Context and questions:
What I would like my code to do is the following:
(1) All processes read a single binary file containing a matrix of doubles -> already achieved this using MPI_File_read_at()
(2) For each 'column' of input data, perform calculations using the numbers in each 'row', and save the data for each column into its own binary output file ("File0.bin" -> column 0)
(3) To enable the user to specify an arbitrary number of processes, I use simple indexing to treat the matrix as one long (rows)X(cols) vector, and split that vector by the number of processes. Each process gets (rows)X(cols)/tot_proc of entries to process... using this approach, the columns will not be neatly divided by each process, therefore, each process needs to access whatever file(s) correspond to it and, using proper offsets, write to the correct section of the correct file. At the moment, it does not matter that the resulting file will be fragmented.
As I work toward that goal, I have written a short program to create binary files in a loop, but the loop hangs on the very last iteration (13 files divided over 4 processes). Number of files to create = (rows).
Question 1 Why does this code hang at the very end of the loop? In my toy example of 4 processes, id_proc 1-3 have 3 files to create, while id_proc 0 (the root process) has 4 files to create. The loop hangs when the root process tries to make it's 4th file. Note: I'm compiling this on a laptop running Ubuntu using mpic++.
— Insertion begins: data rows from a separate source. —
definition bounded_op :: "(('a \<Rightarrow> complex) \<Rightarrow> ('a \<Rightarrow> complex)) \<Rightarrow> bool" where
  "bounded_op A \<longleftrightarrow>
     (\<forall>f\<in>l2. A f \<in> l2) \<and>
     (\<forall>f\<in>l2. \<forall>g\<in>l2. A (\<lambda>x. f x + g x) = (\<lambda>x. A f x + A g x)) \<and>
     (\<forall>f\<in>l2. \<forall>c. A (\<lambda>x. c * f x) = (\<lambda>x. c * A f x)) \<and>
     (\<exists>C. \<forall>f\<in>l2. l2norm (A f) \<le> C * l2norm f)"

text \<open>A representation of O_N on l^2('a) is given by the images S i of the
  generators s_i together with their adjoints Sa i = S i^*.\<close>

definition cuntz_rep ::
  "nat \<Rightarrow> (nat \<Rightarrow> ('a \<Rightarrow> complex) \<Rightarrow> ('a \<Rightarrow> complex)) \<Rightarrow>
          (nat \<Rightarrow> ('a \<Rightarrow> complex) \<Rightarrow> ('a \<Rightarrow> complex)) \<Rightarrow> bool" where
  "cuntz_rep N S Sa \<longleftrightarrow>
     (\<forall>i\<in>{1..N}. bounded_op (S i) \<and> bounded_op (Sa i) \<and>
        (\<forall>f\<in>l2. \<forall>g\<in>l2. ip (S i f) g = ip f (Sa i g))) \<and>
     (\<forall>i\<in>{1..N}. \<forall>j\<in>{1..N}. \<forall>f\<in>l2. Sa i (S j f) = (if i = j then f else (\<lambda>x. 0))) \<and>
     (\<forall>f\<in>l2. f = (\<lambda>x. \<Sum>i=1..N. S i (Sa i f) x))"

text \<open>opw S K = pi(s_K), opa Sa K = pi(s_K^*).\<close>

fun opw :: "(nat \<Rightarrow> ('a \<Rightarrow> complex) \<Rightarrow> ('a \<Rightarrow> complex)) \<Rightarrow> nat list \<Rightarrow> ('a \<Rightarrow> complex) \<Rightarrow> ('a \<Rightarrow> complex)" where
  "opw S [] = id"
| "opw S (j # w) = S j \<circ> opw S w"

fun opa :: "(nat \<Rightarrow> ('a \<Rightarrow> complex) \<Rightarrow> ('a \<Rightarrow> complex)) \<Rightarrow> nat list \<Rightarrow> ('a \<Rightarrow> complex) \<Rightarrow> ('a \<Rightarrow> complex)" where
  "opa Sa [] = id"
| "opa Sa (j # w) = opa Sa w \<circ> Sa j"

text \<open>Monomials in the generators and their adjoints: a letter (True, i) stands for
  s_i and (False, i) for s_i^*.\<close>

fun mono_op :: "(nat \<Rightarrow> ('a \<Rightarrow> complex) \<Rightarrow> ('a \<Rightarrow> complex)) \<Rightarrow> (nat \<Rightarrow> ('a \<Rightarrow> complex) \<Rightarrow> ('a \<Rightarrow> complex)) \<Rightarrow>
     (bool \<times> nat) list \<Rightarrow> ('a \<Rightarrow> complex) \<Rightarrow> ('a \<Rightarrow> complex)" where
  "mono_op S Sa [] = id"
| "mono_op S Sa ((b, i) # w) = (if b then S i else Sa i) \<circ> mono_op S Sa w"

definition c_span :: "('a \<Rightarrow> complex) set \<Rightarrow> ('a \<Rightarrow> complex) set" where
  "c_span A = {g. \<exists>(n::nat) c v. (\<forall>i<n. v i \<in> A) \<and> g = (\<lambda>x. \<Sum>i<n. c i * v i x)}"

definition cl_span :: "('a \<Rightarrow> complex) set \<Rightarrow> ('a \<Rightarrow> complex) set" where
  "cl_span A = {f \<in> l2. \<forall>\<epsilon>>0. \<exists>g\<in>c_span A. l2norm (\<lambda>x. f x - g x) < \<epsilon>}"

text \<open>The cyclic subspace closure(pi(O_N) Omega): O_N is the closed span of the
  monomials in the s_i and s_i^*.\<close>
definition cyclic_space ::
  "nat \<Rightarrow> (nat \<Rightarrow> ('a \<Rightarrow> complex) \<Rightarrow> ('a \<Rightarrow> complex)) \<Rightarrow> (nat \<Rightarrow> ('a \<Rightarrow> complex) \<Rightarrow> ('a \<Rightarrow> complex)) \<Rightarrow>
     ('a \<Rightarrow> complex) \<Rightarrow> ('a \<Rightarrow> complex) set" where
  "cyclic_space N S Sa \<Omega> = cl_span {mono_op S Sa w \<Omega> | w. set (map snd w) \<subseteq> {1..N}}"

definition PJ_vector ::
  "(nat \<Rightarrow> ('a \<Rightarrow> complex) \<Rightarrow> ('a \<Rightarrow> complex)) \<Rightarrow> nat list \<Rightarrow> ('a \<Rightarrow> complex) \<Rightarrow> bool" where
  "PJ_vector S J \<Omega> \<longleftrightarrow> \<Omega> \<in> l2 \<and> l2norm \<Omega> = 1 \<and> opw S J \<Omega> = \<Omega> \<and>
     (\<forall>i<length J. \<forall>i'<length J.
        ip (opw S (drop i J) \<Omega>) (opw S (drop i' J) \<Omega>) = (if i = i' then 1 else 0))"

text \<open>The representation (S, Sa) is (unitarily equivalent to) P(J).\<close>
definition is_P ::
  "nat \<Rightarrow> (nat \<Rightarrow> ('a \<Rightarrow> complex) \<Rightarrow> ('a \<Rightarrow> complex)) \<Rightarrow> (nat \<Rightarrow> ('a \<Rightarrow> complex) \<Rightarrow> ('a \<Rightarrow> complex)) \<Rightarrow>
     nat list \<Rightarrow> bool" where
  "is_P N S Sa J \<longleftrightarrow> cuntz_rep N S Sa \<and>
     (\<exists>\<Omega>. PJ_vector S J \<Omega> \<and> cyclic_space N S Sa \<Omega> = l2)"

text \<open>The representation (S, Sa) is unitarily equivalent to P(J_0) + ... + P(J_{M-1}):
  l^2 is the orthogonal direct sum of M cyclic (hence invariant) subspaces,
  the i-th of which carries the subrepresentation P(J_i).\<close>
definition is_sum_P ::
  "nat \<Rightarrow> (nat \<Rightarrow> ('a \<Rightarrow> complex) \<Rightarrow> ('a \<Rightarrow> complex)) \<Rightarrow> (nat \<Rightarrow> ('a \<Rightarrow> complex) \<Rightarrow> ('a \<Rightarrow> complex)) \<Rightarrow>
     nat \<Rightarrow> (nat \<Rightarrow> nat list) \<Rightarrow> bool" where
  "is_sum_P N S Sa M Js \<longleftrightarrow> cuntz_rep N S Sa \<and>
     (\<exists>\<Omega>s. (\<forall>i<M. PJ_vector S (Js i) (\<Omega>s i)) \<and>
        (\<forall>i<M. \<forall>i'<M. i \<noteq> i' \<longrightarrow>
            (\<forall>f\<in>cyclic_space N S Sa (\<Omega>s i). \<forall>g\<in>cyclic_space N S Sa (\<Omega>s i'). ip f g = 0)) \<and>
        cl_span (\<Union>i<M. cyclic_space N S Sa (\<Omega>s i)) = l2)"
Question 2 Eventually I will add a second for loop just like the one you see below, except in this loop, the process must write to the appropriate section of the binary files that have already been created. I plan to use MPI_File_write_at() to do this, but I have also read that the files should be statically sized using MPI_File_set_size(), and then, every process should have it's own view of the file using MPI_File_set_view(). So, my question is, in order for this to work, should I do the following?
(Loop 1) MPI_File_open(...,MPI_WRONLY | MPI_CREATE,...), MPI_File_set_size(), MPI_File_close()
(Loop 2) MPI_File_open(...,MPI_WRONLY,...), MPI_File_set_view(), MPI_File_write_at(), MPI_File_close()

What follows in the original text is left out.